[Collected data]
(* Suppose the constraint qualification below holds, let $\{(x^k,y^k,z^k)\}$ be generated by Algorithm G-ADMM-M with parameters $\sigma>0$, $\rho\in(0,2)$, and let $(\bar x,\bar y,\bar z)\in\mathbb{W}^*$. Then for every integer $k\ge0$, $$\Psi_k(\bar x,\bar y,\bar z)-\Psi_{k+1}(\bar x,\bar y,\bar z)\ \ge\ \theta_k+\sigma(2-\rho)\|\mathcal{A}^*x^k+\mathcal{B}^*y^k-c\|^2,$$ where $\Psi_k$ and $\theta_k$ are defined below.
   Context: Let $\mathbb{X},\mathbb{Y},\mathbb{Z}$ be finite-dimensional real Euclidean spaces with inner product $\langle\cdot,\cdot\rangle$ and induced norm $\|\cdot\|$. For a self-adjoint linear operator $\mathcal{G}$, $\|u\|_{\mathcal G}^2:=\langle u,\mathcal G u\rangle$. Let $f_1:\mathbb{X}\to\mathbb{R}$ and $h_1:\mathbb{Y}\to\mathbb{R}$ be convex, continuously differentiable with globally Lipschitz continuous gradients, and $f_2:\mathbb{X}\to(-\infty,+\infty]$, $h_2:\mathbb{Y}\to(-\infty,+\infty]$ closed proper convex. Let $\mathcal{A}:\mathbb{Z}\to\mathbb{X}$, $\mathcal{B}:\mathbb{Z}\to\mathbb{Y}$ be linear with adjoints $\mathcal{A}^*,\mathcal{B}^*$, and $c\in\mathbb{Z}$. The problem is $\min\{f_1(x)+f_2(x)+h_1(y)+h_2(y): \mathcal{A}^*x+\mathcal{B}^*y=c\}$. Let $\Sigma_{f_1}\preceq\widehat\Sigma_{f_1}$ be self-adjoint positive semidefinite operators on $\mathbb{X}$ with $\tfrac12\|x-x'\|_{\Sigma_{f_1}}^2\le f_1(x)-f_1(x')-\langle x-x',\nabla f_1(x')\rangle\le\tfrac12\|x-x'\|_{\widehat\Sigma_{f_1}}^2$ for all $x,x'$, and likewise $\Sigma_{h_1}\preceq\widehat\Sigma_{h_1}$ on $\mathbb{Y}$ for $h_1$. Constraint qualification: there exists $(x^0,y^0)\in\operatorname{ri}(\operatorname{dom}f_2\times\operatorname{dom}h_2)$ with $\mathcal{A}^*x^0+\mathcal{B}^*y^0=c$. $\mathbb{W}^*$ denotes the set of $(\bar x,\bar y,\bar z)\in\mathbb{X}\times\mathbb{Y}\times\mathbb{Z}$ with $0\in\partial f_2(\bar x)+\nabla f_1(\bar x)+\mathcal{A}\bar z$, $0\in\partial h_2(\bar y)+\nabla h_1(\bar y)+\mathcal{B}\bar z$, $\mathcal{A}^*\bar x+\mathcal{B}^*\bar y=c$. Algorithm G-ADMM-M: choose $\sigma>0$, $\rho\in(0,2)$, self-adjoint positive semidefinite $\mathcal S$ on $\mathbb{X}$ and $\mathcal T$ on $\mathbb{Y}$ such that $\mathcal F:=\widehat\Sigma_{f_1}+\mathcal S+\sigma\mathcal{A}\mathcal{A}^*\succ0$ and $\mathcal H:=\widehat\Sigma_{h_1}+\mathcal T+\sigma\mathcal{B}\mathcal{B}^*\succ0$, and $\widetilde\omega^0=(\widetilde x^0,\widetilde y^0,\widetilde z^0)\in\operatorname{dom}f_2\times\operatorname{dom}h_2\times\mathbb{Z}$. For $k=0,1,2,\dots$: $x^k=\arg\min_x\{f_2(x)+\tfrac12\langle x,\mathcal F x\rangle+\langle\nabla f_1(\widetilde x^k)+\sigma\mathcal{A}(\mathcal{A}^*\widetilde x^k+\mathcal{B}^*\widetilde y^k-c+\sigma^{-1}\widetilde z^k)-\mathcal F\widetilde x^k,x\rangle\}$; $z^k=\widetilde z^k+\sigma(\mathcal{A}^*x^k+\mathcal{B}^*\widetilde y^k-c)$; $y^k=\arg\min_y\{h_2(y)+\tfrac12\langle y,\mathcal H y\rangle+\langle\nabla h_1(\widetilde y^k)+\sigma\mathcal{B}(\mathcal{A}^*x^k+\mathcal{B}^*\widetilde y^k-c+\sigma^{-1}z^k)-\mathcal H\widetilde y^k,y\rangle\}$; $\widetilde\omega^{k+1}=\widetilde\omega^k+\rho(\omega^k-\widetilde\omega^k)$ where $\omega^k=(x^k,y^k,z^k)$, $\widetilde\omega^k=(\widetilde x^k,\widetilde y^k,\widetilde z^k)$. Notation: for fixed $(\bar x,\bar y,\bar z)$, $x_e^k:=x^k-\bar x$, $y_e^k:=y^k-\bar y$, $z_e^k:=z^k-\bar z$, $\widetilde x_e^k:=\widetilde x^k-\bar x$, $\widetilde y_e^k:=\widetilde y^k-\bar y$. Define $\Psi_k(\bar x,\bar y,\bar z):=\frac{1}{\sigma\rho}\|z_e^k+\sigma(\rho-1)\mathcal{A}^*x_e^k\|^2+\sigma(2-\rho)\|\mathcal{A}^*x_e^k\|^2+\frac1\rho\|\widetilde x_e^{k+1}\|^2_{\widehat\Sigma_{f_1}+\mathcal S}+\frac1\rho\|\widetilde y_e^{k}\|^2_{\widehat\Sigma_{h_1}+\mathcal T}$, $\theta_k:=\|\widetilde x^{k+1}-x^{k+1}\|^2_{\frac12\Sigma_{f_1}-\widehat\Sigma_{f_1}+(2-\rho)(\widehat\Sigma_{f_1}+\mathcal S)}+\|\widetilde y^{k}-y^{k}\|^2_{\frac12\Sigma_{h_1}-\widehat\Sigma_{h_1}+(2-\rho)(\widehat\Sigma_{h_1}+\mathcal T)}$ (here $\|u\|^2_{\mathcal G}:=\langle u,\mathcal G u\rangle$ even if $\mathcal G$ is not semidefinite). *)

theory Defs
  imports "HOL-Analysis.Analysis"
begin

text \<open>Quadratic form  \<open>\<parallel>u\<parallel>\<^sub>G\<^sup>2 = \<langle>u, G u\<rangle>\<close> (also for non-semidefinite G).\<close>
definition qf :: "('a::real_inner \<Rightarrow> 'a) \<Rightarrow> 'a \<Rightarrow> real" where
  "qf G u = u \<bullet> G u"

definition self_adjoint_op :: "('a::real_inner \<Rightarrow> 'a) \<Rightarrow> bool" where
  "self_adjoint_op G \<longleftrightarrow> linear G \<and> (\<forall>u v. G u \<bullet> v = u \<bullet> G v)"

definition psd_op :: "('a::real_inner \<Rightarrow> 'a) \<Rightarrow> bool" where
  "psd_op G \<longleftrightarrow> self_adjoint_op G \<and> (\<forall>u. 0 \<le> u \<bullet> G u)"

definition pd_op :: "('a::real_inner \<Rightarrow> 'a) \<Rightarrow> bool" where
  "pd_op G \<longleftrightarrow> self_adjoint_op G \<and> (\<forall>u. u \<noteq> 0 \<longrightarrow> 0 < u \<bullet> G u)"

text \<open>A closed proper convex function \<open>X \<rightarrow> (-\<infinity>,+\<infinity>]\<close> is represented by its
  (nonempty, convex) effective domain D and its real values on D (the value is +\<infinity> off D).
  Closedness = closedness of the epigraph.\<close>
definition closed_proper_convex :: "'a::real_normed_vector set \<Rightarrow> ('a \<Rightarrow> real) \<Rightarrow> bool" where
  "closed_proper_convex D f \<longleftrightarrow> D \<noteq> {} \<and> convex D \<and> convex_on D f \<and>
     closed {(x, t). x \<in> D \<and> f x \<le> t}"

definition subdiff :: "'a::real_inner set \<Rightarrow> ('a \<Rightarrow> real) \<Rightarrow> 'a \<Rightarrow> 'a set" where
  "subdiff D f x = {g. x \<in> D \<and> (\<forall>y\<in>D. f x + g \<bullet> (y - x) \<le> f y)}"

definition is_argmin_on :: "'a set \<Rightarrow> ('a \<Rightarrow> real) \<Rightarrow> 'a \<Rightarrow> bool" where
  "is_argmin_on D \<phi> u \<longleftrightarrow> u \<in> D \<and> (\<forall>v\<in>D. \<phi> u \<le> \<phi> v)"

definition smooth_convex :: "('a::real_inner \<Rightarrow> real) \<Rightarrow> ('a \<Rightarrow> 'a) \<Rightarrow> bool" where
  "smooth_convex f g \<longleftrightarrow> convex_on UNIV f \<and>
     (\<forall>x. (f has_derivative (\<lambda>h. g x \<bullet> h)) (at x)) \<and>
     (\<exists>L. \<forall>x x'. norm (g x - g x') \<le> L * norm (x - x'))"

end

theory Submission
  imports Defs
begin

text \<open>Both subproblems are linearized proximal steps, so their optimality conditions are
  subgradient inclusions for \<open>f\<^sub>2\<close> and \<open>h\<^sub>2\<close>; monotonicity of the subdifferential against the
  KKT inclusions gives an inner-product inequality for each block. In it the gradient term is
  bounded below by the three-point inequality implied by the two-sided bounds on \<open>f\<^sub>1\<close>
  (resp. \<open>h\<^sub>1\<close>) and the parallelogram law, and the proximal term becomes, through the relaxation
  step, the decrease of the corresponding \<open>1/\<rho>\<close>-weighted term of \<open>\<Psi>\<close>. What is left are inner
  products of multipliers with \<open>A\<^sup>*\<close>- and \<open>B\<^sup>*\<close>-errors; by an exact algebraic identity using only
  the multiplier update, the relaxation and feasibility of \<open>(x\<^sub>b, y\<^sub>b)\<close>, they equal the decrease
  of the multiplier part of \<open>\<Psi>\<close> minus the residual term.\<close>

lemma self_adjoint_op_linear: "self_adjoint_op G \<Longrightarrow> linear G"
  by (simp add: self_adjoint_op_def)

lemma self_adjoint_op_inner: "self_adjoint_op G \<Longrightarrow> G u \<bullet> v = u \<bullet> G v"
  by (simp add: self_adjoint_op_def)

Work task: Using only the entries above, output the line with "(\<forall>u. u \<noteq>", the line with "convex_on D f \<and>", and all lines between them, exactly as they stand.

Solved exercise:
  "pd_op G \<longleftrightarrow> self_adjoint_op G \<and> (\<forall>u. u \<noteq> 0 \<longrightarrow> 0 < u \<bullet> G u)"

text \<open>A closed proper convex function \<open>X \<rightarrow> (-\<infinity>,+\<infinity>]\<close> is represented by its
  (nonempty, convex) effective domain D and its real values on D (the value is +\<infinity> off D).
  Closedness = closedness of the epigraph.\<close>
definition closed_proper_convex :: "'a::real_normed_vector set \<Rightarrow> ('a \<Rightarrow> real) \<Rightarrow> bool" where
  "closed_proper_convex D f \<longleftrightarrow> D \<noteq> {} \<and> convex D \<and> convex_on D f \<and>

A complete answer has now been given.